Task: Output the full set of records exactly.

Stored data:
+ + +

theorem mainTheorem8:
  fixes H :: nat and layer :: "'x::finite \<Rightarrow> nat"
    and T :: "'x \<Rightarrow> 'a::finite \<Rightarrow> 'x \<Rightarrow> real" and \<rho> :: "'x \<Rightarrow> real"
    and \<mu> :: "'x \<Rightarrow> 'a \<Rightarrow> real" and pe :: "'x \<Rightarrow> 'a"
    and \<Phi> :: "'x set set" and CX CA \<epsilon> :: real
  assumes "layered_MTM H layer T \<rho>"
    and "offline_dists H layer \<mu>"
    and "aggregation_scheme H layer \<Phi>"
    and "pushforward_conc T \<rho> \<mu> CX CA"
    and "\<epsilon> > 0"
    and "agg_conc_set H layer \<Phi> T \<rho> \<mu> pe \<epsilon> \<noteq> {}"
  shows "agg_conc H layer \<Phi> T \<rho> \<mu> pe \<epsilon> \<le> CX * CA"
proof -
  interpret pushforward_concentrable H layer T \<rho> \<mu> pe \<Phi> CX CA
    using assms(1-4) by unfold_locales
  show ?thesis
    unfolding agg_conc_def
    by (intro Max.boundedI finite_agg_conc_set assms(6) agg_conc_set_le)
qed

end
lemma Delta_zero_action_nonpos_below_phi_plus:
  assumes "state_mono S W" and "Q \<in> Q0set S W" and v: "v \<in> Uset S"
  shows "Delta S W zero_action v Q \<le> 0"
proof (cases "v = zero_action")
  case True then show ?thesis by (simp add: Delta_def)
next
  case False
  then obtain n where vn: "v n \<noteq> 0" unfolding zero_action_def by auto
  define m where "m = v n"
  have "n \<le> NN S" "m \<in> Ms S n" using Uset_nonzeroD[OF v vn] m_def by auto
  then have "ereal (real (Q n m)) \<le> phi_plus S W zero_action n m Q"
    using assms(2) unfolding Q0set_def by blast
  then have ne: "Phi S W zero_action n m Q \<noteq> {}"
    and le: "Q n m \<le> Max (Phi S W zero_action n m Q)"
    unfolding phi_plus_def by (auto split: if_splits)
  define y where "y = Max (Phi S W zero_action n m Q)"
  have "y \<in> Phi S W zero_action n m Q" using ne finite_Phi y_def by simp
  then have "Delta S W zero_action v (upd Q n m y) \<le> 0"
    using v False unfolding Phi_def by auto
  moreover have "serves v n m" "Q n m \<le> y" using m_def le y_def by (auto simp: serves_def)
  then have "Delta S W v zero_action (upd Q n m y) \<le> Delta S W v zero_action Q"
    using Delta_upd_antimono_if_serves[OF assms(1)] upd_self by metis
  ultimately show ?thesis unfolding Delta_def by simp
qed

lemma Delta_nonpos_above_phi_minus:
  assumes "state_mono S W" and "u n = m"
    and "ereal (real (Q n m)) \<ge> phi_minus S W u n m Q" and v: "v \<in> Uset S"
  shows "Delta S W u v Q \<le> 0"
proof (cases "v = u")
  case True then show ?thesis by (simp add: Delta_def)
next
  case False
  from assms(3) have ne: "Phi S W u n m Q \<noteq> {}" and le: "Min (Phi S W u n m Q) \<le> Q n m"
    unfolding phi_minus_def by (auto split: if_splits)
  define x where "x = Min (Phi S W u n m Q)"
  have "x \<in> Phi S W u n m Q" using ne finite_Phi x_def by simp
  then have "Delta S W u v (upd Q n m x) \<le> 0"
    using v False unfolding Phi_def by auto
  moreover have "Delta S W u v Q \<le> Delta S W u v (upd Q n m x)"
    using Delta_upd_antimono_if_serves[OF assms(1), of u n m x "Q n m" v Q]
    by (simp add: serves_def assms(2) le x_def upd_self)
  ultimately show ?thesis by simp
qed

+ + +

Solved exercise:
theorem mainTheorem8:
  fixes H :: nat and layer :: "'x::finite \<Rightarrow> nat"
    and T :: "'x \<Rightarrow> 'a::finite \<Rightarrow> 'x \<Rightarrow> real" and \<rho> :: "'x \<Rightarrow> real"
    and \<mu> :: "'x \<Rightarrow> 'a \<Rightarrow> real" and pe :: "'x \<Rightarrow> 'a"
    and \<Phi> :: "'x set set" and CX CA \<epsilon> :: real
  assumes "layered_MTM H layer T \<rho>"
    and "offline_dists H layer \<mu>"
    and "aggregation_scheme H layer \<Phi>"
    and "pushforward_conc T \<rho> \<mu> CX CA"
    and "\<epsilon> > 0"
    and "agg_conc_set H layer \<Phi> T \<rho> \<mu> pe \<epsilon> \<noteq> {}"
  shows "agg_conc H layer \<Phi> T \<rho> \<mu> pe \<epsilon> \<le> CX * CA"
proof -
  interpret pushforward_concentrable H layer T \<rho> \<mu> pe \<Phi> CX CA
    using assms(1-4) by unfold_locales
  show ?thesis
    unfolding agg_conc_def
    by (intro Max.boundedI finite_agg_conc_set assms(6) agg_conc_set_le)
qed

end
lemma Delta_zero_action_nonpos_below_phi_plus:
  assumes "state_mono S W" and "Q \<in> Q0set S W" and v: "v \<in> Uset S"
  shows "Delta S W zero_action v Q \<le> 0"
proof (cases "v = zero_action")
  case True then show ?thesis by (simp add: Delta_def)
next
  case False
  then obtain n where vn: "v n \<noteq> 0" unfolding zero_action_def by auto
  define m where "m = v n"
  have "n \<le> NN S" "m \<in> Ms S n" using Uset_nonzeroD[OF v vn] m_def by auto
  then have "ereal (real (Q n m)) \<le> phi_plus S W zero_action n m Q"
    using assms(2) unfolding Q0set_def by blast
  then have ne: "Phi S W zero_action n m Q \<noteq> {}"
    and le: "Q n m \<le> Max (Phi S W zero_action n m Q)"
    unfolding phi_plus_def by (auto split: if_splits)
  define y where "y = Max (Phi S W zero_action n m Q)"
  have "y \<in> Phi S W zero_action n m Q" using ne finite_Phi y_def by simp
  then have "Delta S W zero_action v (upd Q n m y) \<le> 0"
    using v False unfolding Phi_def by auto
  moreover have "serves v n m" "Q n m \<le> y" using m_def le y_def by (auto simp: serves_def)
  then have "Delta S W v zero_action (upd Q n m y) \<le> Delta S W v zero_action Q"
    using Delta_upd_antimono_if_serves[OF assms(1)] upd_self by metis
  ultimately show ?thesis unfolding Delta_def by simp
qed

lemma Delta_nonpos_above_phi_minus:
  assumes "state_mono S W" and "u n = m"
    and "ereal (real (Q n m)) \<ge> phi_minus S W u n m Q" and v: "v \<in> Uset S"
  shows "Delta S W u v Q \<le> 0"
proof (cases "v = u")
  case True then show ?thesis by (simp add: Delta_def)
next
  case False
  from assms(3) have ne: "Phi S W u n m Q \<noteq> {}" and le: "Min (Phi S W u n m Q) \<le> Q n m"
    unfolding phi_minus_def by (auto split: if_splits)
  define x where "x = Min (Phi S W u n m Q)"
  have "x \<in> Phi S W u n m Q" using ne finite_Phi x_def by simp
  then have "Delta S W u v (upd Q n m x) \<le> 0"
    using v False unfolding Phi_def by auto
  moreover have "Delta S W u v Q \<le> Delta S W u v (upd Q n m x)"
    using Delta_upd_antimono_if_serves[OF assms(1), of u n m x "Q n m" v Q]
    by (simp add: serves_def assms(2) le x_def upd_self)
  ultimately show ?thesis by simp
qed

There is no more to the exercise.